Start of Block
(* Let $G$ be a countable group with a subgroup $\Gamma$ of index $m$ and a subgroup $H\lhd\Gamma$ of cardinality $d$ such that $\Gamma/H$ is abelian. Then for every finitely additive left-invariant mean $\mu$ on $G$ we have $\textup{dc}_\mu(G)\ge\frac{1}{m^2d}$. Moreover, if $G$ is finitely generated and $M$ is a sequence of probability measures on $G$ that measures index uniformly then $\textup{dc}_M(G)\ge\frac{1}{m^2d}$.
   Context: A finitely additive left-invariant mean is a positive normalised linear functional $\int\cdot\,d\mu$ on $\ell^\infty(G)$ invariant under $f\mapsto f(g^{-1}\cdot)$; $\mu(X)=\int1_X\,d\mu$; product mean $\int f\,d(\mu\times\mu)=\int_x\int_y f(x,y)\,d\mu(x)\,d\mu(y)$; $\textup{dc}_\mu(G)=(\mu\times\mu)(\{(x,y):xy=yx\})$. A sequence $M=(\mu_n)$ of probability measures measures index uniformly if $\mu_n(xH)\to1/[G:H]$ uniformly over $x\in G$ and subgroups $H$ (with $1/[G:H]=0$ for infinite index), and $\textup{dc}_M(G)=\limsup_n\textup{dc}_{\mu_n}(G)$ where $\textup{dc}_{\mu_n}(G)=(\mu_n\times\mu_n)(\{(x,y):xy=yx\})$. *)

theory Defs
  imports "HOL-Analysis.Analysis" "HOL-Algebra.Algebra" "HOL-Probability.Probability"
begin

text \<open>Index [G:H] as a natural number; it is 0 when the index is infinite, so
  that inverse (real (group_index G H)) = 1/[G:H] with the convention 1/infinity = 0.\<close>
definition group_index :: "('a, 'b) monoid_scheme \<Rightarrow> 'a set \<Rightarrow> nat" where
  "group_index G H = card (rcosets\<^bsub>G\<^esub> H)"

definition bounded_on :: "'a set \<Rightarrow> ('a \<Rightarrow> real) \<Rightarrow> bool" where
  "bounded_on S f \<longleftrightarrow> (\<exists>B. \<forall>x\<in>S. \<bar>f x\<bar> \<le> B)"

definition left_inv_mean :: "('a, 'b) monoid_scheme \<Rightarrow> (('a \<Rightarrow> real) \<Rightarrow> real) \<Rightarrow> bool" where
  "left_inv_mean G \<mu> \<longleftrightarrow>
     (\<forall>f g. bounded_on (carrier G) f \<and> bounded_on (carrier G) g \<longrightarrow>
        \<mu> (\<lambda>x. f x + g x) = \<mu> f + \<mu> g) \<and>
     (\<forall>c f. bounded_on (carrier G) f \<longrightarrow> \<mu> (\<lambda>x. c * f x) = c * \<mu> f) \<and>
     (\<forall>f. bounded_on (carrier G) f \<and> (\<forall>x\<in>carrier G. 0 \<le> f x) \<longrightarrow> 0 \<le> \<mu> f) \<and>
     (\<forall>f g. (\<forall>x\<in>carrier G. f x = g x) \<longrightarrow> \<mu> f = \<mu> g) \<and>
     \<mu> (\<lambda>x. 1) = 1 \<and>
     (\<forall>g\<in>carrier G. \<forall>f. bounded_on (carrier G) f \<longrightarrow>
        \<mu> (\<lambda>x. f (inv\<^bsub>G\<^esub> g \<otimes>\<^bsub>G\<^esub> x)) = \<mu> f)"

text \<open>dc_mu(G) = (mu x mu)({(x,y). xy = yx}), the product mean being the iterated mean.\<close>
definition dc_mean :: "('a, 'b) monoid_scheme \<Rightarrow> (('a \<Rightarrow> real) \<Rightarrow> real) \<Rightarrow> real" where
  "dc_mean G \<mu> = \<mu> (\<lambda>x. \<mu> (\<lambda>y. if x \<otimes>\<^bsub>G\<^esub> y = y \<otimes>\<^bsub>G\<^esub> x then 1 else 0))"

definition dc_pmf :: "('a, 'b) monoid_scheme \<Rightarrow> 'a pmf \<Rightarrow> real" where
  "dc_pmf G p = measure_pmf.prob (pair_pmf p p) {(x, y). x \<otimes>\<^bsub>G\<^esub> y = y \<otimes>\<^bsub>G\<^esub> x}"

definition measures_index_uniformly :: "('a, 'b) monoid_scheme \<Rightarrow> (nat \<Rightarrow> 'a pmf) \<Rightarrow> bool" where
  "measures_index_uniformly G M \<longleftrightarrow>
     (\<forall>n. set_pmf (M n) \<subseteq> carrier G) \<and>
     (\<forall>\<epsilon>>0. \<exists>N. \<forall>n\<ge>N. \<forall>H. subgroup H G \<longrightarrow> (\<forall>x\<in>carrier G.
        \<bar>measure_pmf.prob (M n) (x <#\<^bsub>G\<^esub> H) - inverse (real (group_index G H))\<bar> < \<epsilon>))"

definition dc_seq :: "('a, 'b) monoid_scheme \<Rightarrow> (nat \<Rightarrow> 'a pmf) \<Rightarrow> ereal" where
  "dc_seq G M = limsup (\<lambda>n. ereal (dc_pmf G (M n)))"

definition finitely_generated_group :: "('a, 'b) monoid_scheme \<Rightarrow> bool" where
  "finitely_generated_group G \<longleftrightarrow> (\<exists>S. finite S \<and> S \<subseteq> carrier G \<and> generate G S = carrier G)"

end

theory Submission
  imports Defs
begin

text \<open>Since \<open>\<Gamma>/H\<close> is abelian, every \<open>\<Gamma>\<close>-conjugate of \<open>x \<in> \<Gamma>\<close> lies in the coset \<open>xH\<close>, so by
  orbit-stabiliser the centraliser of \<open>x\<close> in \<open>\<Gamma>\<close> has index at most \<open>d\<close> in \<open>\<Gamma>\<close>, hence index at
  most \<open>md\<close> in \<open>G\<close>. A left-invariant mean gives every subgroup of index \<open>n\<close> mass at least
  \<open>1/n\<close> (the \<open>n\<close> left translates of it cover \<open>G\<close>), and a sequence measuring index uniformly
  does so up to an error tending to 0. Counting only commuting pairs \<open>(x, y)\<close> with \<open>x \<in> \<Gamma>\<close>
  already gives mass at least \<open>1/m \<cdot> 1/(md)\<close>.\<close>

definition centralizer_in :: "('a, 'b) monoid_scheme \<Rightarrow> 'a set \<Rightarrow> 'a \<Rightarrow> 'a set" where
  "centralizer_in G \<Gamma> x = {y \<in> \<Gamma>. x \<otimes>\<^bsub>G\<^esub> y = y \<otimes>\<^bsub>G\<^esub> x}"

lemma (in group) card_rcosets_le_mult_card_rcosets:
  assumes \<Gamma>: "subgroup \<Gamma> G" and K: "subgroup K (G\<lparr>carrier := \<Gamma>\<rparr>)"
    and fin\<Gamma>: "finite (rcosets \<Gamma>)" and finK: "finite (rcosets\<^bsub>G\<lparr>carrier := \<Gamma>\<rparr>\<^esub> K)"
  shows "finite (rcosets K) \<and> card (rcosets K) \<le> card (rcosets \<Gamma>) * card (rcosets\<^bsub>G\<lparr>carrier := \<Gamma>\<rparr>\<^esub> K)"
proof -
  have KG: "subgroup K G" using incl_subgroup[OF \<Gamma> K] .
  have \<Gamma>G: "\<Gamma> \<subseteq> carrier G" using subgroup.subset[OF \<Gamma>] .
  define rep where "rep A = (SOME a. a \<in> A)" for A :: "'a set"
  let ?P = "(rcosets \<Gamma>) \<times> (rcosets\<^bsub>G\<lparr>carrier := \<Gamma>\<rparr>\<^esub> K)"
  have cover: "rcosets K \<subseteq> (\<lambda>(A, B). B #> rep A) ` ?P"
  proof
    fix C assume "C \<in> rcosets K"
    then obtain y where y: "y \<in> carrier G" and C: "C = K #> y" unfolding RCOSETS_def by auto
    define a where "a = rep (\<Gamma> #> y)"
    have "a \<in> \<Gamma> #> y"
      unfolding a_def rep_def using rcos_self[OF y \<Gamma>] by (rule someI)
    hence ac: "a \<in> carrier G" and "a \<otimes> inv y \<in> \<Gamma>"
      using r_coset_subset_G[OF \<Gamma>G y] subgroup.rcos_module_imp[OF \<Gamma> is_group y] by auto
    hence "inv (a \<otimes> inv y) \<in> \<Gamma>" using subgroup.m_inv_closed[OF \<Gamma>] by blast
    hence g\<Gamma>: "y \<otimes> inv a \<in> \<Gamma>" using ac y by (simp add: inv_mult_group)
    have "C = (K #> (y \<otimes> inv a)) #> a"
      using C coset_mult_assoc[OF subgroup.subset[OF KG]] ac y by (simp add: m_assoc)
    moreover have "(\<Gamma> #> y, K #> (y \<otimes> inv a)) \<in> ?P"
      using g\<Gamma> rcosetsI[OF \<Gamma>G y] unfolding RCOSETS_def r_coset_def by auto
    ultimately show "C \<in> (\<lambda>(A, B). B #> rep A) ` ?P"
      unfolding a_def by (auto intro: image_eqI)
  qed
  have finP: "finite ?P" using fin\<Gamma> finK by blast
  have "card (rcosets K) \<le> card ((\<lambda>(A, B). B #> rep A) ` ?P)"
    using cover finP by (simp add: card_mono)
  also have "\<dots> \<le> card ?P" using finP by (rule card_image_le)
  finally show ?thesis
    using finite_subset[OF cover finite_imageI[OF finP]] by (simp add: card_cartesian_product)
qed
End of Block
== Exercise instructions ==
In the listing above, find the line containing "inv a)) \<in>" and the line containing "using cover finP by (simp add: card_mono)", then repeat those two lines and everything between them exactly.

== Solution ==
    moreover have "(\<Gamma> #> y, K #> (y \<otimes> inv a)) \<in> ?P"
      using g\<Gamma> rcosetsI[OF \<Gamma>G y] unfolding RCOSETS_def r_coset_def by auto
    ultimately show "C \<in> (\<lambda>(A, B). B #> rep A) ` ?P"
      unfolding a_def by (auto intro: image_eqI)
  qed
  have finP: "finite ?P" using fin\<Gamma> finK by blast
  have "card (rcosets K) \<le> card ((\<lambda>(A, B). B #> rep A) ` ?P)"
    using cover finP by (simp add: card_mono)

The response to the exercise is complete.